Hernandez appealed to the BIA, requesting reversal of the IJ’s decision denying his application for asylum and withholding of removal. He submitted a brief, in which he argued that the IJ failed to consider all of the pertinent evidence 1 and should have granted him asylum because he submitted sufficient evidence to meet his burden of proof. 2 On 15 August 2005, the BIA affirmed the IJ’s decision, finding that the IJ correctly concluded that Hernandez failed to meet his burden of proof for asylum, withholding of removal, and protection under the CAT. Further, the BIA noted that, on appeal, Hernandez merely restated his claim, “which was carefully considered and properly adjudicated by the Immigration Judge.” Id. at 18.

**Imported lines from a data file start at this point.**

lemma int_lin_indep_insert_pivot:
  assumes S: "int_lin_indep S" and pivot: "v i \<noteq> 0" "\<forall>w\<in>S. w i = 0"
  shows "int_lin_indep (insert v S)" and "v \<notin> S"
proof -
  show vS: "v \<notin> S" using pivot by auto
  have fin: "finite S" using S by (simp add: int_lin_indep_def)
  show "int_lin_indep (insert v S)"
    unfolding int_lin_indep_def
  proof (intro conjI allI impI)
    fix c :: "(nat \<Rightarrow> nat) \<Rightarrow> int"
    assume rel: "\<forall>l. (\<Sum>w\<in>insert v S. c w * int (w l)) = 0"
    then have rel': "c v * int (v l) + (\<Sum>w\<in>S. c w * int (w l)) = 0" for l
      using fin vS by simp
    have "(\<Sum>w\<in>S. c w * int (w i)) = 0" using pivot(2) by (intro sum.neutral) simp
    then have "c v = 0" using rel'[of i] pivot(1) by simp
    then have "\<forall>l. (\<Sum>w\<in>S. c w * int (w l)) = 0" using rel' by simp
    then have "\<forall>w\<in>S. c w = 0" using S by (simp add: int_lin_indep_def)
    with \<open>c v = 0\<close> show "\<forall>w\<in>insert v S. c w = 0" by simp
  qed (use fin in simp)
qed

definition unit_vec :: "nat \<Rightarrow> nat \<Rightarrow> nat" where
  "unit_vec i = (\<lambda>j. if j = i then 1 else 0)"

lemma inj_unit_vec: "inj unit_vec"
  by (rule injI) (metis unit_vec_def zero_neq_one)

lemma int_lin_indep_unit_vecs: "finite I \<Longrightarrow> int_lin_indep (unit_vec ` I)"
proof (induction I rule: finite_induct)
  case (insert i I)
  have "\<forall>w\<in>unit_vec ` I. w i = 0" "unit_vec i i \<noteq> 0"
    using insert.hyps(2) by (auto simp: unit_vec_def)
  then show ?case using int_lin_indep_insert_pivot(1) insert.IH by simp
qed (simp add: int_lin_indep_empty)

section \<open>One block: a length set realised by base-\<open>B\<close> digits\<close>

type_synonym digits = "nat \<times> nat \<times> nat"

definition digit_val :: "nat \<Rightarrow> digits \<Rightarrow> nat" where
  "digit_val B v = fst v * B * B + fst (snd v) * B + snd (snd v)"

definition plain_gens :: "nat \<Rightarrow> nat set \<Rightarrow> digits set" where
  "plain_gens M S = insert (1, 0, 0) ((\<lambda>s. (1, M + 1 + s, 0)) ` S)"

definition marked_gen :: "nat \<Rightarrow> nat \<Rightarrow> digits" where
  "marked_gen M s = (M + 1 - s, 2 * (M + 1) - s, 1)"

definition digit_gens :: "nat \<Rightarrow> nat set \<Rightarrow> digits set" where
  "digit_gens M S = plain_gens M S \<union> marked_gen M ` S"

definition digit_target :: "nat \<Rightarrow> digits" where
  "digit_target M = (M, 3 * (M + 1), 1)"

lemma sum_list_plain_gens:
  assumes "S \<subseteq> {2..}" "set rs \<subseteq> plain_gens M S"
  shows "fst (sum_list rs) = length rs" "snd (snd (sum_list rs)) = 0"
    "fst (snd (sum_list rs)) = 0 \<or> M + 3 \<le> fst (snd (sum_list rs))"
  using assms(2) by (induction rs) (use assms(1) in \<open>auto simp: plain_gens_def\<close>)

lemma sum_list_digit_gens_cases:
  assumes "set ts \<subseteq> digit_gens M S" "snd (snd (sum_list ts)) \<le> 1"
  shows "set ts \<subseteq> plain_gens M S \<or>
    (\<exists>s\<in>S. \<exists>rs. set rs \<subseteq> plain_gens M S \<and> length ts = Suc (length rs) \<and>
       sum_list ts = marked_gen M s + sum_list rs)"
  using assms
proof (induction ts)
  case (Cons t ts)
  show ?case
  proof (cases "t \<in> plain_gens M S")
    case True
    then have "snd (snd t) = 0" by (auto simp: plain_gens_def)
    then have "snd (snd (sum_list ts)) \<le> 1" using Cons.prems(2) by simp
    then consider "set ts \<subseteq> plain_gens M S"
      | s rs where "s \<in> S" "set rs \<subseteq> plain_gens M S" "length ts = Suc (length rs)"
          "sum_list ts = marked_gen M s + sum_list rs"
      using Cons.IH Cons.prems(1) by force
    then show ?thesis
    proof cases
      case (2 s rs)
      then show ?thesis using True
        by (intro disjI2 bexI[of _ s] exI[of _ "t # rs"]) (auto simp: ac_simps)
    qed (use True in simp)
  next
    case False
    then obtain s where s: "s \<in> S" "t = marked_gen M s"
      using Cons.prems(1) by (auto simp: digit_gens_def)
    then have "snd (snd (sum_list ts)) = 0" using Cons.prems(2) by (simp add: marked_gen_def)
    then have "set ts \<subseteq> plain_gens M S"
      using Cons.IH Cons.prems(1) by (auto simp: marked_gen_def)
    with s show ?thesis by auto
  qed
qed simp

lemma length_factorization_digit_target:
  assumes S: "S \<subseteq> {2..M}" and ts: "set ts \<subseteq> digit_gens M S" "sum_list ts = digit_target M"
  shows "length ts \<in> S"
proof -
  have "snd (snd (sum_list ts)) = 1" using ts(2) by (simp add: digit_target_def)
  moreover have S2: "S \<subseteq> {2..}" using S by auto
  ultimately obtain s rs where s: "s \<in> S" "set rs \<subseteq> plain_gens M S" "length ts = Suc (length rs)"
      "sum_list ts = marked_gen M s + sum_list rs"
    using sum_list_digit_gens_cases[OF ts(1)] sum_list_plain_gens(2) by force
  then have "fst (digit_target M) = fst (marked_gen M s) + length rs"
    using ts(2) sum_list_plain_gens(1)[OF S2] by simp
  moreover have "2 \<le> s" "s \<le> M" using s(1) S by auto
  ultimately have "length ts = s" using s(3) by (simp add: digit_target_def marked_gen_def)
  with s show ?thesis by simp
qed

lemma length_factorization_digit_gen:
  assumes S: "S \<subseteq> {2..M}" and ts: "set ts \<subseteq> digit_gens M S" "sum_list ts \<in> digit_gens M S"
  shows "length ts = 1"
proof -
  have S2: "S \<subseteq> {2..}" using S by auto
  show ?thesis
  proof (cases "sum_list ts \<in> plain_gens M S")
    case True
    then have "snd (snd (sum_list ts)) = 0" "fst (sum_list ts) = 1" by (auto simp: plain_gens_def)
    moreover have "sum_list ts \<noteq> marked_gen M s + sum_list rs" for s rs
      using \<open>snd (snd (sum_list ts)) = 0\<close> by (auto simp: marked_gen_def)
    ultimately have "set ts \<subseteq> plain_gens M S"
      using sum_list_digit_gens_cases[OF ts(1)] by auto
    then show ?thesis using sum_list_plain_gens(1)[OF S2] \<open>fst (sum_list ts) = 1\<close> by simp
  next
    case False
    then obtain s where s: "s \<in> S" "sum_list ts = marked_gen M s"
      using ts(2) by (auto simp: digit_gens_def)
    have "\<not> set ts \<subseteq> plain_gens M S"
    proof
      assume "set ts \<subseteq> plain_gens M S"
      from sum_list_plain_gens(2)[OF S2 this] s(2) show False by (simp add: marked_gen_def)
    qed
    then obtain s' rs where s': "s' \<in> S" "set rs \<subseteq> plain_gens M S" "length ts = Suc (length rs)"
        and eq: "marked_gen M s = marked_gen M s' + sum_list rs"
      using sum_list_digit_gens_cases[OF ts(1)] s by (auto simp: marked_gen_def)
    have bounds: "2 \<le> s" "s \<le> M" "2 \<le> s'" "s' \<le> M" using s(1) s'(1) S by auto
    have "2 * (M + 1) - s = 2 * (M + 1) - s' + fst (snd (sum_list rs))"
      using arg_cong[OF eq, of "\<lambda>v. fst (snd v)"] by (simp add: marked_gen_def)
    then have "fst (snd (sum_list rs)) = 0" "s' = s"
      using sum_list_plain_gens(3)[OF S2 s'(2)] bounds by auto
    moreover have "M + 1 - s = M + 1 - s' + length rs"
      using arg_cong[OF eq, of fst] sum_list_plain_gens(1)[OF S2 s'(2)] by (simp add: marked_gen_def)
    ultimately show ?thesis using s'(3) by simp
  qed
qed

lemma sum_list_replicate_hi: "sum_list (replicate n (a, 0, 0)) = (n * a, 0, 0 :: nat)"
  by (induction n) (simp_all add: zero_prod_def)

lemma exists_factorization_digit_target:
  assumes S: "S \<subseteq> {2..M}" and s: "s \<in> S"
  shows "\<exists>ts. set ts \<subseteq> digit_gens M S \<and> sum_list ts = digit_target M \<and> length ts = s"
proof -
  have s_bounds: "2 \<le> s" "s \<le> M" using S s by auto
  define ts where "ts = marked_gen M s # (1, M + 1 + s, 0) # replicate (s - 2) (1, 0, 0)"
  have "set ts \<subseteq> digit_gens M S" using s by (auto simp: ts_def digit_gens_def plain_gens_def)
  moreover have "sum_list ts = digit_target M"
    using s_bounds by (simp add: ts_def sum_list_replicate_hi marked_gen_def digit_target_def)
  moreover have "length ts = s" using s_bounds by (simp add: ts_def)
  ultimately show ?thesis by blast
qed

lemma digit_val_add: "digit_val B (x + y) = digit_val B x + digit_val B y"
  by (simp add: digit_val_def algebra_simps)

lemma digit_val_sum_list: "digit_val B (sum_list ts) = sum_list (map (digit_val B) ts)"
  by (induction ts) (simp_all add: digit_val_add, simp add: digit_val_def)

On 13 September 2005, Hernandez filed a motion for reconsideration, claiming that the IJ and the BIA erred by denying his application under the CAT. 3 For the first time, Hernandez claimed that he had filed a criminal complaint against Pardo, through proxy, to denounce acts carried *902 out against his mother and aunt when “they failed to locate him.” 4 Id. at 11. Hernandez claimed that he was entitled to relief under the CAT because: (1) the authorities were “willfully blind and accepting” of the paramilitaries’ illegal acts by ignoring Pardo’s threats and his assault on Hernandez’s family members, and therefore, they acquiesced to his torture; (2) the IJ found him to be credible, and thus, he sustained his burden that, more likely than not, he would be subject to torture or death if he were to return to Colombia; and (3) his testimony that, even when he moved to different cities in Colombia, the paramilitaries were “always at his heels,” proved that moving to a different city would not provide him with a “protective shield” against the paramilitaries. Id. at 13-14. He further argued that the State Department reports confirmed that conditions in Colombia had worsened, and the authorities there were unwilling or incapable to prevent the paramilitaries’ criminal activities. Additionally, Hernandez claimed that the BIA erred by issuing a blanket confirmation of the IJ’s order, without an independent analysis of all of the evidence presented at the hearing.